### WHAT IS BEING ASKED:
Among the entries below, take the line with "M (\<lambda>\<omega>. calibrated" and the line with "(\<lambda>\<omega>. ln (posterior", and output them and every line between them exactly, with nothing else.

### Items from a data source:
■ ■ ■ ■

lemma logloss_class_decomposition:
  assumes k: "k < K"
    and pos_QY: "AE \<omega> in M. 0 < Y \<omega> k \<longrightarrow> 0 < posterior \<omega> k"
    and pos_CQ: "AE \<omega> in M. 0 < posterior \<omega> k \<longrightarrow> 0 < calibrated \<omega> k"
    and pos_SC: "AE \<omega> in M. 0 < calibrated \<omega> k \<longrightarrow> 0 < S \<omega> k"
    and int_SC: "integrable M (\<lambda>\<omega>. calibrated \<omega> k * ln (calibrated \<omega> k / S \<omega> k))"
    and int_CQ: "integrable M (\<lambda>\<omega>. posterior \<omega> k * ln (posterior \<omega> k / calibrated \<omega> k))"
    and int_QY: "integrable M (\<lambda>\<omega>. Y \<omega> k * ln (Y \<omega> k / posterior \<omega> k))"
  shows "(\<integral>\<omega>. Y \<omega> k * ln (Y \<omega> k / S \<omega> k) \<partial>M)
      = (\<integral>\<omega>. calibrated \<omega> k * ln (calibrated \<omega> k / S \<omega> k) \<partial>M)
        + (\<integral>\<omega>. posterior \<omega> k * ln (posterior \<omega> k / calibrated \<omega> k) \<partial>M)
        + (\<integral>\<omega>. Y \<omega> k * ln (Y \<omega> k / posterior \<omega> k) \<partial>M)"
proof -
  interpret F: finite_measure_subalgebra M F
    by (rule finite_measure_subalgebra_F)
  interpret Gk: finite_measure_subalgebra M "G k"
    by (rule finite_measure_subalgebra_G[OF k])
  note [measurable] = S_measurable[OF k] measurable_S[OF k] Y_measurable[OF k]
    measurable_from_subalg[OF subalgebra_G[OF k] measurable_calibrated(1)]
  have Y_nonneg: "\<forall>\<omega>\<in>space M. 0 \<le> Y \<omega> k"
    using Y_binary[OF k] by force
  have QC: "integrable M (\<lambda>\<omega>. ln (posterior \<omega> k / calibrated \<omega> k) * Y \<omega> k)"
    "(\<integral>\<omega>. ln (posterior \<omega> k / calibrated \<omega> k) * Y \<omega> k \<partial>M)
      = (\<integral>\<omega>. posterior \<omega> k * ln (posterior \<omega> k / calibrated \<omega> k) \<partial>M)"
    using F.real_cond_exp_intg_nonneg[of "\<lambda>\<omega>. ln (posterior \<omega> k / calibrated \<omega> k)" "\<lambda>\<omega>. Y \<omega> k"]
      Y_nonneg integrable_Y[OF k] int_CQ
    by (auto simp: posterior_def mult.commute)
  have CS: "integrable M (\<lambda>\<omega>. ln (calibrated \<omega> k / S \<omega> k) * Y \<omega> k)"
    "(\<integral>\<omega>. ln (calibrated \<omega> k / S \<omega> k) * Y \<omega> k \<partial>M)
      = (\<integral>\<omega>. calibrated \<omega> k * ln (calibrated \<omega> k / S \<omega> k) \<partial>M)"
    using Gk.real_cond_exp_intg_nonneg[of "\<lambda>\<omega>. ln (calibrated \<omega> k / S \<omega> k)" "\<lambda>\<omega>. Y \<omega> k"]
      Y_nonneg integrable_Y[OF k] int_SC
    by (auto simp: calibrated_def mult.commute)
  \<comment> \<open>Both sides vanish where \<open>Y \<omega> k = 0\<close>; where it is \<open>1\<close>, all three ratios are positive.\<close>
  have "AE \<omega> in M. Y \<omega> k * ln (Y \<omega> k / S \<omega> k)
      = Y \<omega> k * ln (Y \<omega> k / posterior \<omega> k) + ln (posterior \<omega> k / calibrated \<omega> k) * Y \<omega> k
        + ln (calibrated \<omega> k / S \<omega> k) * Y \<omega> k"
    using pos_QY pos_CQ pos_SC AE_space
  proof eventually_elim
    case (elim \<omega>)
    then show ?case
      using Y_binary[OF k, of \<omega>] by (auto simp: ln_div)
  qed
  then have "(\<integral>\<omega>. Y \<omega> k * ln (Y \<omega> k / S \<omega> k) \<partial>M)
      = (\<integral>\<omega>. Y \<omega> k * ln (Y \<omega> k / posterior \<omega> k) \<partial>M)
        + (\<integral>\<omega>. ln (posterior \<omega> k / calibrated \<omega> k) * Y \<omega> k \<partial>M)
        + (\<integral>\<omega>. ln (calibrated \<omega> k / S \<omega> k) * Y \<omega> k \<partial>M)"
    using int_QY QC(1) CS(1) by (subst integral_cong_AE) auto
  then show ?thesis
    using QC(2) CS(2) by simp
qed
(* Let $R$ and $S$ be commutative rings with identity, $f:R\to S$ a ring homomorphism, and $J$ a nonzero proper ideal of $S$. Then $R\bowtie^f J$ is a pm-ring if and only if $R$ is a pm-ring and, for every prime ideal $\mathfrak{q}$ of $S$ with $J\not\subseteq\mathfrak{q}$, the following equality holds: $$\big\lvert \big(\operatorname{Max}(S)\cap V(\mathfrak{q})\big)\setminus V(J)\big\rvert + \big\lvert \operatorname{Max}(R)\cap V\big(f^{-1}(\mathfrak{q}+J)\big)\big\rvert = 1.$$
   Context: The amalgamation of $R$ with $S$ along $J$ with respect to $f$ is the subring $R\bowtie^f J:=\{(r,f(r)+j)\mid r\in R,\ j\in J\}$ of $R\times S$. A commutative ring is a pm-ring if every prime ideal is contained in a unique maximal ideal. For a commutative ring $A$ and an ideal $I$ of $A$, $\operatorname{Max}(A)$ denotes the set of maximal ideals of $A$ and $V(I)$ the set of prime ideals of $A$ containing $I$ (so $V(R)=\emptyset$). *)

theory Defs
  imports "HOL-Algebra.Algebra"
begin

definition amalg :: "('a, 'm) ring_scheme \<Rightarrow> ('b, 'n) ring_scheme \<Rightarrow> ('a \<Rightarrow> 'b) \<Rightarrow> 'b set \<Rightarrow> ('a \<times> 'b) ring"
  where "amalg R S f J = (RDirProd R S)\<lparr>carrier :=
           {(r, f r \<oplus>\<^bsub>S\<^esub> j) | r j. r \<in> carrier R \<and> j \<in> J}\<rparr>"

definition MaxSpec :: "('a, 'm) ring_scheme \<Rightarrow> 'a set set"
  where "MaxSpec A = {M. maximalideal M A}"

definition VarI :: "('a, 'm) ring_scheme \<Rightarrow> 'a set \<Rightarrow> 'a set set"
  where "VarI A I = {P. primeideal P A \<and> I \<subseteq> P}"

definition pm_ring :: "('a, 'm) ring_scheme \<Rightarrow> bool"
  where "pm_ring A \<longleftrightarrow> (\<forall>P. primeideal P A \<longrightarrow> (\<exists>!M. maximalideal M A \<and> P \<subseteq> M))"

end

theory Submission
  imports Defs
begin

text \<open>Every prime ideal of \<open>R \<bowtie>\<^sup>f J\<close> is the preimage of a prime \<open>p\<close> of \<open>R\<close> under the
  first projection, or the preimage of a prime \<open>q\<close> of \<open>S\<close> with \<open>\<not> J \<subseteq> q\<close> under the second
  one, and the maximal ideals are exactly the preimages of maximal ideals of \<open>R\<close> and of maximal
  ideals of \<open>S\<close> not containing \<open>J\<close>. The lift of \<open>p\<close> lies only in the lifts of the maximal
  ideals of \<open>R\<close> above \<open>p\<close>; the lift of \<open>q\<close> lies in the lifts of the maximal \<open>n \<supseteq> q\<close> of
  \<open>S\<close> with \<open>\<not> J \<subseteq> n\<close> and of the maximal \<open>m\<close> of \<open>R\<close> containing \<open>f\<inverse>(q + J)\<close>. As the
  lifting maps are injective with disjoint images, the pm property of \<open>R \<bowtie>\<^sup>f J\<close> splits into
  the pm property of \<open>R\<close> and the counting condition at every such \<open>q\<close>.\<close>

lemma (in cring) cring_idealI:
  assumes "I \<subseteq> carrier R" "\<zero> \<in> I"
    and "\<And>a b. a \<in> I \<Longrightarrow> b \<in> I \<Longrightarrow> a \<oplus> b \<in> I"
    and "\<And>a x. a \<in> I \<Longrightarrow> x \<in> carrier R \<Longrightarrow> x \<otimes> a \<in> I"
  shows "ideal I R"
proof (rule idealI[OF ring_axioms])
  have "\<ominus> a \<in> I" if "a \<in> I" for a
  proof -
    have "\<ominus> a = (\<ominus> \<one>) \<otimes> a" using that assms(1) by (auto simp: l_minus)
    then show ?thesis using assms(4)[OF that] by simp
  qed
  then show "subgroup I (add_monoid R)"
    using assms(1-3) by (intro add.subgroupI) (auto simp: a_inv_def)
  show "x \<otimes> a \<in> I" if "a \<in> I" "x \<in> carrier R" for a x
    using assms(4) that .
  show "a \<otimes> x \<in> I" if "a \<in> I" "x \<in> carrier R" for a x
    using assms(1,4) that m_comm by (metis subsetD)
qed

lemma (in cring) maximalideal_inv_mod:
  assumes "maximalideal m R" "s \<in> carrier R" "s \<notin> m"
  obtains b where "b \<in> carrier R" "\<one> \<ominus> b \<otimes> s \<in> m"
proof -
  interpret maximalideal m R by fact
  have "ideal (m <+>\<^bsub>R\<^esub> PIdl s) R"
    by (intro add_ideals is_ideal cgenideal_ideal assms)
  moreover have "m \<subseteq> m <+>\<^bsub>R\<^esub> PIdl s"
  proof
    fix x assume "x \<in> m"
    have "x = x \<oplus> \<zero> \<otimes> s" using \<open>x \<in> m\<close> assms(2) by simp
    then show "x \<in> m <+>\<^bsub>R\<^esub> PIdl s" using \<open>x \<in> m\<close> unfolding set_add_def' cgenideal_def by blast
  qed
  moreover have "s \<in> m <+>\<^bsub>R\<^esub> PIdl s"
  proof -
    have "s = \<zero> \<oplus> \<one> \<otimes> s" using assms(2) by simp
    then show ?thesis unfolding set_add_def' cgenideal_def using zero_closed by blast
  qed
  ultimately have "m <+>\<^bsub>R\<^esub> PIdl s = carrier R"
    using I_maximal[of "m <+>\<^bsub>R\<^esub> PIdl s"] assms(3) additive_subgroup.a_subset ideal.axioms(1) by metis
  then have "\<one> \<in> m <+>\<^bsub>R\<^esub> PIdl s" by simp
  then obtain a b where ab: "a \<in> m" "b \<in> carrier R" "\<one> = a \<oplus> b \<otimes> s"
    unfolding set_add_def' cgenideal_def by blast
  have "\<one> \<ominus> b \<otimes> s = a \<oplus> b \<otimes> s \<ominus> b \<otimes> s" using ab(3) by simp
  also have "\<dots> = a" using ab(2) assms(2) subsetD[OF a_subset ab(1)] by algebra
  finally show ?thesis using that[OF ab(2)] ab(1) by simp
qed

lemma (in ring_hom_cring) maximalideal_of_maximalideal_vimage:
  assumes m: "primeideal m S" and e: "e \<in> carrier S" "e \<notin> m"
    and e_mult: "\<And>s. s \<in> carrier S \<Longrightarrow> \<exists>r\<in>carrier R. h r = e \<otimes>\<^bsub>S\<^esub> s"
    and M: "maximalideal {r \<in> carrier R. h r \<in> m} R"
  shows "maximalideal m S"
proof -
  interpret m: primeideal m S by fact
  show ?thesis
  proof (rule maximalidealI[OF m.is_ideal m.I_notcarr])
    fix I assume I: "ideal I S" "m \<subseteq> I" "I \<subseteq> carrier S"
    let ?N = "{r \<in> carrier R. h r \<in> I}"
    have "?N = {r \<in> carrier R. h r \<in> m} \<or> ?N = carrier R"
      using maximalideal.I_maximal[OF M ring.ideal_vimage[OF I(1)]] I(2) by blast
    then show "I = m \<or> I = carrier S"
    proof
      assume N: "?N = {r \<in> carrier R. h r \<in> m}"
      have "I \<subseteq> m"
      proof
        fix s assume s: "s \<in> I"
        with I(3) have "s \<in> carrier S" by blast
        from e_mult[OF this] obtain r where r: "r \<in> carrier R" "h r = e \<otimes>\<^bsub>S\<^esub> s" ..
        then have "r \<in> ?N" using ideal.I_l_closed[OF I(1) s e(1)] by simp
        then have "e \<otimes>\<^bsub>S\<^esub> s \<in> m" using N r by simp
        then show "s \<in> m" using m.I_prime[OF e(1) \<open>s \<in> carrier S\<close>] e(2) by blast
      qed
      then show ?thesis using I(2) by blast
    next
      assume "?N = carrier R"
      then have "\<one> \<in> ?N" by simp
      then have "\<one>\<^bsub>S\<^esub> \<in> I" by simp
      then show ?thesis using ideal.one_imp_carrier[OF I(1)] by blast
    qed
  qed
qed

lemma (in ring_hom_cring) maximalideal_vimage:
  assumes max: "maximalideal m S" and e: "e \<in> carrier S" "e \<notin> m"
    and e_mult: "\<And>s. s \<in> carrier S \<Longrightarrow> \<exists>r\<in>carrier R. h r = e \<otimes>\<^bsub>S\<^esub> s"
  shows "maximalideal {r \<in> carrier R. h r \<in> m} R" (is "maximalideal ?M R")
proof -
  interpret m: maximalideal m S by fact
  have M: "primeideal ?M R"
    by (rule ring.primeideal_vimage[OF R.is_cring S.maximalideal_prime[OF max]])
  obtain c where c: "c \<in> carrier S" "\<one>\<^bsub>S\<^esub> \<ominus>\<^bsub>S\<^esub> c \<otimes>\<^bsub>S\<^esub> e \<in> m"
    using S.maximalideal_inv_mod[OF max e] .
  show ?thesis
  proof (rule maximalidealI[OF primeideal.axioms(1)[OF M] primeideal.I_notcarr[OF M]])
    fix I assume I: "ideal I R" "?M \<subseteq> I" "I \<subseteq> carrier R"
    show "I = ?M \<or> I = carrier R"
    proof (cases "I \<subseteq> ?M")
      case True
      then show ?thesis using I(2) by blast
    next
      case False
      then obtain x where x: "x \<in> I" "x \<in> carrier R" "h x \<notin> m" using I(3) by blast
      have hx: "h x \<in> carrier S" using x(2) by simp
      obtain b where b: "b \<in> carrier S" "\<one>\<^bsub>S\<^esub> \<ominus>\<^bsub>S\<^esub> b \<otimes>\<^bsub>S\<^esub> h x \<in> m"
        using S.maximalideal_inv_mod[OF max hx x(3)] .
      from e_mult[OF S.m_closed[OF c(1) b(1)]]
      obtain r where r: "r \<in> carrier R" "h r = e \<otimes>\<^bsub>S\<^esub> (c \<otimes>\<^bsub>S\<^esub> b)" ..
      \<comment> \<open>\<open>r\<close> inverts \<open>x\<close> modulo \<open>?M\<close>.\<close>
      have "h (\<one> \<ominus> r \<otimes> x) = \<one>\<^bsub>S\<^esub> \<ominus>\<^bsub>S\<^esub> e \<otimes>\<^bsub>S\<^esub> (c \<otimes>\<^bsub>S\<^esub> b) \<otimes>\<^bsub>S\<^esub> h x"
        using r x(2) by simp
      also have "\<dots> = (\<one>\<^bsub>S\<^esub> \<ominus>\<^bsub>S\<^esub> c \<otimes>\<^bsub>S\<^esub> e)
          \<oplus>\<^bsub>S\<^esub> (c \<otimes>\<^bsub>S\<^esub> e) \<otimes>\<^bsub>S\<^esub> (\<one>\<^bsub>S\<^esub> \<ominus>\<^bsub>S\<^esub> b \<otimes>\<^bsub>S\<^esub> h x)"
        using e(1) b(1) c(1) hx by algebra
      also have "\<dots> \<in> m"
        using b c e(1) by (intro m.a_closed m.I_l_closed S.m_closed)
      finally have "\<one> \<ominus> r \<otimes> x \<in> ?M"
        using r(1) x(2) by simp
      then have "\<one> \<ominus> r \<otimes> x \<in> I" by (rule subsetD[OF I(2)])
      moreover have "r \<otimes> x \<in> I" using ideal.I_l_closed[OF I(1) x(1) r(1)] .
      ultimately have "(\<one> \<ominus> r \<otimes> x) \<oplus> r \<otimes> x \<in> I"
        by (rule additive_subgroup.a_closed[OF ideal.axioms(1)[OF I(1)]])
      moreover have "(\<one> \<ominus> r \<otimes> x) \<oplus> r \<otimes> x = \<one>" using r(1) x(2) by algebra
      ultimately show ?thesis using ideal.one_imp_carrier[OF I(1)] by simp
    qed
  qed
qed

■ ■ ■ ■

### TASK RESULT:
    and int_SC: "integrable M (\<lambda>\<omega>. calibrated \<omega> k * ln (calibrated \<omega> k / S \<omega> k))"
    and int_CQ: "integrable M (\<lambda>\<omega>. posterior \<omega> k * ln (posterior \<omega> k / calibrated \<omega> k))"
    and int_QY: "integrable M (\<lambda>\<omega>. Y \<omega> k * ln (Y \<omega> k / posterior \<omega> k))"
  shows "(\<integral>\<omega>. Y \<omega> k * ln (Y \<omega> k / S \<omega> k) \<partial>M)
      = (\<integral>\<omega>. calibrated \<omega> k * ln (calibrated \<omega> k / S \<omega> k) \<partial>M)
        + (\<integral>\<omega>. posterior \<omega> k * ln (posterior \<omega> k / calibrated \<omega> k) \<partial>M)
        + (\<integral>\<omega>. Y \<omega> k * ln (Y \<omega> k / posterior \<omega> k) \<partial>M)"
proof -
  interpret F: finite_measure_subalgebra M F
    by (rule finite_measure_subalgebra_F)
  interpret Gk: finite_measure_subalgebra M "G k"
    by (rule finite_measure_subalgebra_G[OF k])
  note [measurable] = S_measurable[OF k] measurable_S[OF k] Y_measurable[OF k]
    measurable_from_subalg[OF subalgebra_G[OF k] measurable_calibrated(1)]
  have Y_nonneg: "\<forall>\<omega>\<in>space M. 0 \<le> Y \<omega> k"
    using Y_binary[OF k] by force
  have QC: "integrable M (\<lambda>\<omega>. ln (posterior \<omega> k / calibrated \<omega> k) * Y \<omega> k)"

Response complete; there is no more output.